Today I worked on some things from the to-do list the new attorney gave me. Also worked on a project for my former colleague. She has asked me to help with projects she has been assigned. All can be done from home. This is an answer to prayer, as we are struggling financially. According to law, an SSD claimant can work up to 29 hours per week and this will be under 20. David says his balance is ok, but could be better. We talked about getting Dr. to order some physical therapy to improve his balance. Its also a matter of sticking with the exercises for maintenance. I think I’ll have to do them with him so he will continue. Might be good for both of us. Very hot here today. We need rain badly. Our area is under a burn advisory. Going to try to get out early tomorrow to do errands before it gets really hot.
Robert, praying the condo sells soon and things smooth out for your move to the Pocono. Julie, prayers that Megan’s vehicle will be an easy fix. I pray she will come to understand why you have set boundaries regarding your car. Praying the kitties are well. Jill, prayers you remain Divide free and for your tennis mates and their families as they deal with illness. Prayers for Roger and that his insulin regimen is what he needs. I’m glad too, that he’s made it to the double digits. May God bless and keep your boy! Thanks to you all for your prayers and support. You don’t know how much it means to me to know you care and pray. I pray for our world and for the cause of human rights. Thanks be to the God who cares for us. Blessings to all.

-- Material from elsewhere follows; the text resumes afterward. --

(* Let $f_{\mathbf{U}}$ be a probability density on $\mathbb{R}^d$ (the reference) and $f_{\mathbf{X}_1},\dots,f_{\mathbf{X}_L}$ probability densities on $\mathbb{R}^d$. Let $\mathcal{Q}_1,\dots,\mathcal{Q}_L$ be diffeomorphisms of $\mathbb{R}^d$ and set $\mathcal{T}_\ell=\mathcal{Q}_1\circ\cdots\circ\mathcal{Q}_\ell$. Assume there are constants $\eta\in(0,1)$ and $\omega\in[0,1)$ such that (a) $D_{\mathrm H}(f_{\mathbf{X}_\ell},f_{\mathbf{X}_{\ell+1}})\le\eta$ for all $1\le\ell<L$; (b) $D_{\mathrm H}\big((\mathcal{Q}_{\ell+1})_\sharp f_{\mathbf{U}},\mathcal{T}_\ell^\sharp f_{\mathbf{X}_{\ell+1}}\big)\le\omega\,D_{\mathrm H}\big(f_{\mathbf{U}},\mathcal{T}_\ell^\sharp f_{\mathbf{X}_{\ell+1}}\big)$ for all $1\le\ell<L$; (c) $D_{\mathrm H}\big((\mathcal{Q}_1)_\sharp f_{\mathbf{U}},f_{\mathbf{X}_1}\big)\le\omega\eta$. Then $D_{\mathrm H}\big((\mathcal{T}_L)_\sharp f_{\mathbf{U}},f_{\mathbf{X}_L}\big)\le\frac{\omega}{1-\omega}\eta$.
   Context: Hellinger distance between densities $f,h$ on $\mathbb{R}^d$: $D_{\mathrm H}(f,h)=\big(\tfrac12\int(\sqrt{f(\mathbf{x})}-\sqrt{h(\mathbf{x})})^2\,\mathrm{d}\mathbf{x}\big)^{1/2}$. For a diffeomorphism $\mathcal{S}$, the pushforward density is $\mathcal{S}_\sharp f(\mathbf{u})=f(\mathcal{S}^{-1}(\mathbf{u}))\,|\det\nabla\mathcal{S}^{-1}(\mathbf{u})|$ (the density of $\mathcal{S}(\mathbf{X})$ when $\mathbf{X}\sim f$) and the pullback density is $\mathcal{S}^\sharp f(\mathbf{x})=f(\mathcal{S}(\mathbf{x}))\,|\det\nabla\mathcal{S}(\mathbf{x})|$ (the density of $\mathcal{S}^{-1}(\mathbf{X})$). *)

theory Defs
  imports "HOL-Analysis.Analysis"
begin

Yes, indeed but I can’t stay in Resentment long.I have to turn it over to God. In confession and prayer for a heart of forgiveness and asks for the right thought or action before making amends. It’s been a hard week after an unexplained spike in my BP. After being seen in ER Sunday and following up with my cardiologist, the new meds are not working as expected. I’m confident he will find one soon. Prayers for Robert and an exceptional offer on the condo . As well as God leading him to a new home.
Prayers for Jill and her teammates facing illness and grief from a loss. Praying for a safe and covid free end to the school year. Prayers for Julie and Megan over Julie’s wishes for respect, prayers for healing and love. Prayers for Ally and David, that the new lawyer will have success with the Appeal. For David’s strength and balance with exercise. Grateful to hear you have some additional income during this time. Prayers for Lou and her family and safe traveling mercies.